A total of 50 men from the Niger Delta in Nigeria have graduated from the Biriwa Vocational Training and Rehabilitation Institute in the Mfantsiman District of the Central Region.
They were awarded National Vocational Training Institute Proficiency II Certificate. The graduation is the second to be organized for people from the Niger Delta who went through nine months training in wielding and fabrication.
The training is Amnesty Training Programme (ATP) in collaboration with the governments of Ghana and Nigeria to offer vocational training to about 200 ex-militants of the Niger Delta uprising in Nigeria in five technical and vocational institutes in Ghana.
At a durbar on Tuesday held in their honour in Biriwa, Mr Samuel Kwashie Amegbor, Manager of the Institute, said the students were trained in manual metal ARC wielding processes, gas welding, metal inert gas, tungsten inert gas as well as numeracy, communication skills, entrepreneurship skills and ICT.
He told them they were lucky to have been offered the opportunity and urged them to go out and utilize the skills acquired to develop themselves, their families, communities and Nigeria as a whole.
The manager also asked them to go to the job market and make the institute and Ghana proud so as to open further opportunities for others, stressing that there were others on the streets in Nigeria and Ghana waiting to be given this golden opportunity.
Mr Amegbor thanked the Biriwa community, the Municipality and Central Region for accommodating the Nigerians and stressed that the Amnesty training programme had really helped the institute to establish a complete workshop, which was being used concurrently to train regular trainees in the area of welding and fabrication and that it had also economically boosted business within the community and Cape Coast environs.
He said the institute ensured holistic training to its students, which made them more marketable on the job market, adding that the stigma attached to vocational education that the course was limited to a specific section of individuals seemed to be dying out with the increasing demand for specialized skills.
The Manager said although the institute was successful it was still faced with a lot of challenges and appealed to all stakeholders to assist it to build an additional boys hostel to help enroll more students locally and internationally.
Mr Amegbor also asked for modern tools and equipment in most of the departments to enhance training, adding that with a trainee population of 1,500, the school had no official vehicle and appealed for a school bus to be used for field trips.
The Deputy Central Regional Minister Mr Aquainas Tawiah Quansah, asked the trained students to make maximum use of the skills they had acquired by setting up their own businesses back home and endeavour to market the institute by producing quality items.
He appealed to the management of the institute to consider giving a quota of about 50 admissions to apprentice mechanics and youth on the streets in the Municipality of which he would cater for their expenses and tools.
Mr Quansah also promised to assist the institute with GH˘5,000 to enable them purchase a school bus as well as assist the girls hostel with 14 ceiling fans and five brand new computers to the school.
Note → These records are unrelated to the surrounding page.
lemma north_neq [simp]: "i < R \<Longrightarrow> north i \<noteq> i"
  using rowshift_inj[of 1 0 i] R_ge_4 unfolding north_def by auto
lemma south_neq [simp]: "i < R \<Longrightarrow> south i \<noteq> i"
  using rowshift_inj[of "R - 1" 0 i] R_ge_4 unfolding south_def by auto
lemma north_neq_south [simp]: "north i \<noteq> south i"
  using rowshift_inj[of 1 "R - 1" i] R_ge_4 unfolding north_def south_def by auto
lemma east_neq [simp]: "j < C \<Longrightarrow> east j \<noteq> j"
  using colshift_inj[of 1 0 j] C_ge_3 unfolding east_def by auto
lemma west_neq [simp]: "j < C \<Longrightarrow> west j \<noteq> j"
  using colshift_inj[of "C - 1" 0 j] C_ge_3 unfolding west_def by auto
lemma east_neq_west [simp]: "east j \<noteq> west j"
  using colshift_inj[of 1 "C - 1" j] C_ge_3 unfolding east_def west_def by auto

lemma north_north_neq:
  assumes "i < R" shows "north (north i) \<noteq> i" "north (north i) \<noteq> north i"
  using rowshift_inj[of 2 0 i] rowshift_inj[of 2 1 i] R_ge_4 assms
  unfolding north_north by (auto simp: north_def)

lemma even_north: "even (north i) \<longleftrightarrow> odd i"
  unfolding north_def using even_rowshift[of i 1] by simp
lemma even_south: "even (south i) \<longleftrightarrow> odd i"
  unfolding south_def using even_rowshift[of i "R - 1"] even_R R_ge_4 by simp

definition row_offset :: "nat \<Rightarrow> nat \<Rightarrow> nat" where "row_offset p i = (i + R - p) mod R"

lemma row_offset_lt [simp]: "row_offset p i < R"
  unfolding row_offset_def using R_ge_4 by simp

lemma rowshift_row_offset: "p < R \<Longrightarrow> i < R \<Longrightarrow> rowshift p (row_offset p i) = i"
  unfolding row_offset_def rowshift_def by (simp add: mod_add_right_eq)

lemma row_offset_rowshift: "p < R \<Longrightarrow> k < R \<Longrightarrow> row_offset p (rowshift p k) = k"
  using rowshift_inj[of "row_offset p (rowshift p k)" k p] rowshift_row_offset[of p "rowshift p k"] by simp

fun nbr :: "nat \<times> nat \<Rightarrow> dir \<Rightarrow> nat \<times> nat" where
  "nbr (i, j) North = (north i, j)"
| "nbr (i, j) South = (south i, j)"
| "nbr (i, j) West = (i, west j)"
| "nbr (i, j) East = (i, east j)"

lemma nbr_in_V: "v \<in> V \<Longrightarrow> nbr v d \<in> V"
  by (cases v; cases d) auto
lemma nbr_nbr_opposite [simp]: "v \<in> V \<Longrightarrow> nbr (nbr v d) (opposite d) = v"
  by (cases v; cases d) auto
lemma nbr_inj: "v \<in> V \<Longrightarrow> nbr v d = nbr v d' \<Longrightarrow> d = d'"
  by (cases v; cases d; cases d') (auto dest: sym)
lemma nbr_neq: "v \<in> V \<Longrightarrow> nbr v d \<noteq> v"
  by (cases v; cases d) auto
Mr Brizimor Dima, the course prefect, thanked the government of Ghana for the opportunity given them and gave the assurance that they would make good use of the skills they had acquired.
Mr Olantunji Otun, ATP coordinator, thanked the government of Ghana and Nigeria for the gesture, stressing that the training given to the students would go a long way to improve upon the bonds that existed between the two countries.
Nana Kwa Bonko V, chief of Biriwa asked the trained students to impart the knowledge they had acquired into others and endeavour to open their own shops.